Looks like a great deal, wish they were in Ne.
Dave


----------



## Nomad_Lofts (Apr 12, 2011)

thats an instant loft


----------



## Crazy Pete (Nov 13, 2008)

An instant secure loft, you could build your loft in it and not worry about rats.
Dave


----------



## sport14692 (Jan 3, 2011)

that is an awesome looking deal


----------



## raftree3 (Oct 16, 2010)

Wonder what the original use was?


----------



## EgypSwiftLady (Jan 14, 2008)

Makes me almost wish we lived in TX.! They are great!


----------



## robdawg (Jan 3, 2010)

Super aviary.

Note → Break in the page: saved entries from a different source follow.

lemma dd_cexp_neg_insert_has_vector_derivative:
  "((\<lambda>t. dd_cexp (- of_real t) (as @ a # cs)) has_vector_derivative
     - (a * dd_cexp (- of_real t) (as @ a # cs) + dd_cexp (- of_real t) (as @ cs))) (at t within S)"
proof -
  have "((\<lambda>s. dd_cexp (- s) (as @ a # cs)) has_field_derivative
          (a * dd_cexp (- s) (as @ a # cs) + dd_cexp (- s) (as @ cs)) * (- 1)) (at s)" for s
    by (rule DERIV_chain2[OF dd_cexp_insert_has_field_derivative]) (auto intro!: derivative_eq_intros)
  from has_vector_derivative_real_field[OF this] show ?thesis
    by simp
qed

lemma sum_list_dd_cexp_neg_insert_has_vector_derivative:
  "((\<lambda>t. \<Sum>b\<leftarrow>bs. dd_cexp (- of_real t) (as @ a # bs @ [b])) has_vector_derivative
     - a * (\<Sum>b\<leftarrow>bs. dd_cexp (- of_real t) (as @ a # bs @ [b]))
     - (\<Sum>b\<leftarrow>bs. dd_cexp (- of_real t) (as @ bs @ [b]))) (at t within S)"
proof -
  have "((\<lambda>t. \<Sum>b\<leftarrow>bs. dd_cexp (- of_real t) (as @ a # bs @ [b])) has_vector_derivative
      (\<Sum>b\<leftarrow>bs. - (a * dd_cexp (- of_real t) (as @ a # bs @ [b]) + dd_cexp (- of_real t) (as @ bs @ [b]))))
      (at t within S)"
    by (intro has_vector_derivative_sum_list dd_cexp_neg_insert_has_vector_derivative)
  then show ?thesis
    by (simp add: sum_list_subtractf uminus_sum_list_map o_def flip: sum_list_const_mult)
qed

My breeders would love me if I had that.


----------



## horseart4u (Jun 16, 2011)

you and me both.. those are awesome, wish i knew someone here in ocala fl who could build me something like that for my flight


----------



## West (Mar 29, 2009)

raftree3 said:


> Wonder what the original use was?


They look like secure storage cages. I can't quite see but they look a bit similar to what the military uses.


----------



## robdawg (Jan 3, 2010)

I called the guy and he said they were used to store Railcar oil? I was trying to find out where they were made to see if someplace out here had some similar for sale.


----------